▸ Action item
All that should come back is the lines of the data below from the one containing "the Z/2-grading by" to the one containing "(if p \<and>", inclusive, exactly as they stand.
=== Excerpted records ===
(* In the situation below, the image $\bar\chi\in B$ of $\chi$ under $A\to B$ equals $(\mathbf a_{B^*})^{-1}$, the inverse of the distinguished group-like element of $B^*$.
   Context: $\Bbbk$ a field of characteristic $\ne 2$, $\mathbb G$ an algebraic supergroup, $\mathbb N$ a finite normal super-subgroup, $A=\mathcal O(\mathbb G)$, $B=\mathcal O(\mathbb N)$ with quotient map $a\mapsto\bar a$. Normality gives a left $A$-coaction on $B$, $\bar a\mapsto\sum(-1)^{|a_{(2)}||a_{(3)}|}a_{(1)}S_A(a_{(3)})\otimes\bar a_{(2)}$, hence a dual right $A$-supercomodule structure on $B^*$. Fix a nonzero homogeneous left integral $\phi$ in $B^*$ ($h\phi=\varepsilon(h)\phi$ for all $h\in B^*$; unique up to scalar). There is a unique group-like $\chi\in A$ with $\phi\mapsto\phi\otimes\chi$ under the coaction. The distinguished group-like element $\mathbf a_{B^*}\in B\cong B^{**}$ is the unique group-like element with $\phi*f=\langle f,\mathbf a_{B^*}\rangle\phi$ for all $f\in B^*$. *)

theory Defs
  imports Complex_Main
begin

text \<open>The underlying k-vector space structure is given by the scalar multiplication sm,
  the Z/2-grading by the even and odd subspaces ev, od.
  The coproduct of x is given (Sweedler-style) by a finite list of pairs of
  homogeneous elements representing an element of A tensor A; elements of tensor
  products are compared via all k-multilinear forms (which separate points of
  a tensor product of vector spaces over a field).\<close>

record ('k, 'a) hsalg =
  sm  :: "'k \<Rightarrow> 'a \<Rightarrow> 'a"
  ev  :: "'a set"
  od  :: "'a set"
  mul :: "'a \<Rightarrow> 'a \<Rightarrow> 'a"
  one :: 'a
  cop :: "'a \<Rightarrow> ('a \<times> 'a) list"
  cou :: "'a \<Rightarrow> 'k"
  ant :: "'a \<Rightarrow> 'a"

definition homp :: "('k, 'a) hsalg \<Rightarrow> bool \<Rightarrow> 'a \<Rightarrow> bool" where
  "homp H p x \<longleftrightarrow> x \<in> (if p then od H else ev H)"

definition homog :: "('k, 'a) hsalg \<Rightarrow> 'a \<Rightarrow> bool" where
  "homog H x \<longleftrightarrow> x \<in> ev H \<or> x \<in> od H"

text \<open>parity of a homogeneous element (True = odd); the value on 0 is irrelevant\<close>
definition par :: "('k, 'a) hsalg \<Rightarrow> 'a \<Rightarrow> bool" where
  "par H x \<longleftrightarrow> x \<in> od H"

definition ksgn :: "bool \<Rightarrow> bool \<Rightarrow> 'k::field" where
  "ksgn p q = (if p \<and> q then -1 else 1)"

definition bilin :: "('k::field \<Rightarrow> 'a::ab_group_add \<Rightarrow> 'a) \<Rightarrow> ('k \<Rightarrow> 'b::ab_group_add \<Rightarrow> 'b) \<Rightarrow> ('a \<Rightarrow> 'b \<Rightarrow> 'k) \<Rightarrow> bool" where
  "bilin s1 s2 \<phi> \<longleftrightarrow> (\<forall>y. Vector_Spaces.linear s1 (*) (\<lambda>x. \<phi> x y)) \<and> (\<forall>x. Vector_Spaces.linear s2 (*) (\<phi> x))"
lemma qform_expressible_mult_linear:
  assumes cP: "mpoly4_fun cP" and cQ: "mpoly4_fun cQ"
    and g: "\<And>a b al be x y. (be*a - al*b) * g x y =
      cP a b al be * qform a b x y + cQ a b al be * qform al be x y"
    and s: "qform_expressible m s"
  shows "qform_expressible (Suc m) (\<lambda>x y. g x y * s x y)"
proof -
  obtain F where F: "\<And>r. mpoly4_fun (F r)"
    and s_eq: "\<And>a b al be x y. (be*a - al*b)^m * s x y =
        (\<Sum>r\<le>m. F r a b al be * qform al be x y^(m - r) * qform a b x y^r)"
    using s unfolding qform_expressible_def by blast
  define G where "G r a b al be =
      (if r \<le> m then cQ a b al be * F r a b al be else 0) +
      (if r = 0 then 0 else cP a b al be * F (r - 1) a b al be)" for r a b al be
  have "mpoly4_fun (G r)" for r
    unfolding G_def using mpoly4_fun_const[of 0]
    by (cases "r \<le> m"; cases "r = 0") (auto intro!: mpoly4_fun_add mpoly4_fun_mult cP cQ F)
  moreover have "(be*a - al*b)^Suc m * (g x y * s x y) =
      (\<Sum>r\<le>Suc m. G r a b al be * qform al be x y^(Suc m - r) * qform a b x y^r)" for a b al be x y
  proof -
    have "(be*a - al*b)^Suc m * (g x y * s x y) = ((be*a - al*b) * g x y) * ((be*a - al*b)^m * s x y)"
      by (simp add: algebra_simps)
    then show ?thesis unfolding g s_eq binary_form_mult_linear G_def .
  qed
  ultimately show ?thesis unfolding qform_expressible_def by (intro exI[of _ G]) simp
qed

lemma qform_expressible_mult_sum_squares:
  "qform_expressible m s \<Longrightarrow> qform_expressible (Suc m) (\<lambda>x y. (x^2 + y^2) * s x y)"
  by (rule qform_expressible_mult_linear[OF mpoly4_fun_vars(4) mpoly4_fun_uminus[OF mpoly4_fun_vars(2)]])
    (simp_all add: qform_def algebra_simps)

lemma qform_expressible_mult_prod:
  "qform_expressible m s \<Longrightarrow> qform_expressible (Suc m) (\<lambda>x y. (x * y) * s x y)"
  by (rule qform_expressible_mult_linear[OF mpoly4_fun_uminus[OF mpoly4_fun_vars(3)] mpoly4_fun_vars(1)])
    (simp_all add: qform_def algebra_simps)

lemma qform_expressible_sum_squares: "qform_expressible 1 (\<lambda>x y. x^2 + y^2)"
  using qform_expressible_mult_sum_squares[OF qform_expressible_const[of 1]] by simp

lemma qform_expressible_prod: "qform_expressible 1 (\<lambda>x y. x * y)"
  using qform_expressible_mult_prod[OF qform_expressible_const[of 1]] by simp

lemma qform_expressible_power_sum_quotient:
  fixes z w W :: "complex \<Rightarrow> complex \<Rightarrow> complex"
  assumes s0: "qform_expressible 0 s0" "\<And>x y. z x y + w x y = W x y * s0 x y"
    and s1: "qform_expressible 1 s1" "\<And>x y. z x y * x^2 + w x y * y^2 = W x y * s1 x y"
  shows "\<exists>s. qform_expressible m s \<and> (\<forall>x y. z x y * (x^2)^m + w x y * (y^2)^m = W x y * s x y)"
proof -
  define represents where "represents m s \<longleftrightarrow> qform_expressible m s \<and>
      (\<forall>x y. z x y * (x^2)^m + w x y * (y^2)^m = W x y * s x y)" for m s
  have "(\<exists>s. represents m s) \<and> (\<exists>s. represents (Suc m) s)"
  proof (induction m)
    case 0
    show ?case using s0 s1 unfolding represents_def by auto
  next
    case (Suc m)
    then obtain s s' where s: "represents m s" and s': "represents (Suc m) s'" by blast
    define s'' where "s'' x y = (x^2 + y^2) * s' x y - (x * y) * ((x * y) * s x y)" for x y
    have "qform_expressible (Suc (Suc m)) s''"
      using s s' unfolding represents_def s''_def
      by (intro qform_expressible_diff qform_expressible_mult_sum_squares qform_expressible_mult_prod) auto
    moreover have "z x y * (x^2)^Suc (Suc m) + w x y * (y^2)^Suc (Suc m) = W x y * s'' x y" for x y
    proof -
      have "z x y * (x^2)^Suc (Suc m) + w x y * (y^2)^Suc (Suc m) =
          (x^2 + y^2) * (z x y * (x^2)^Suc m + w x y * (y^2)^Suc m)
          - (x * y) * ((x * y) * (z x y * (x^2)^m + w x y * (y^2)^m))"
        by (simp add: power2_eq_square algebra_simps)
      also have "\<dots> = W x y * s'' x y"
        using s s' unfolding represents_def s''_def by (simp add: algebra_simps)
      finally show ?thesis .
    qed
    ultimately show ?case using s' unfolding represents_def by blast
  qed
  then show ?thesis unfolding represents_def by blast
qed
===
▸ Exercise result
  the Z/2-grading by the even and odd subspaces ev, od.
  The coproduct of x is given (Sweedler-style) by a finite list of pairs of
  homogeneous elements representing an element of A tensor A; elements of tensor
  products are compared via all k-multilinear forms (which separate points of
  a tensor product of vector spaces over a field).\<close>

record ('k, 'a) hsalg =
  sm  :: "'k \<Rightarrow> 'a \<Rightarrow> 'a"
  ev  :: "'a set"
  od  :: "'a set"
  mul :: "'a \<Rightarrow> 'a \<Rightarrow> 'a"
  one :: 'a
  cop :: "'a \<Rightarrow> ('a \<times> 'a) list"
  cou :: "'a \<Rightarrow> 'k"
  ant :: "'a \<Rightarrow> 'a"

definition homp :: "('k, 'a) hsalg \<Rightarrow> bool \<Rightarrow> 'a \<Rightarrow> bool" where
  "homp H p x \<longleftrightarrow> x \<in> (if p then od H else ev H)"

definition homog :: "('k, 'a) hsalg \<Rightarrow> 'a \<Rightarrow> bool" where
  "homog H x \<longleftrightarrow> x \<in> ev H \<or> x \<in> od H"

text \<open>parity of a homogeneous element (True = odd); the value on 0 is irrelevant\<close>
definition par :: "('k, 'a) hsalg \<Rightarrow> 'a \<Rightarrow> bool" where
  "par H x \<longleftrightarrow> x \<in> od H"

definition ksgn :: "bool \<Rightarrow> bool \<Rightarrow> 'k::field" where
  "ksgn p q = (if p \<and> q then -1 else 1)"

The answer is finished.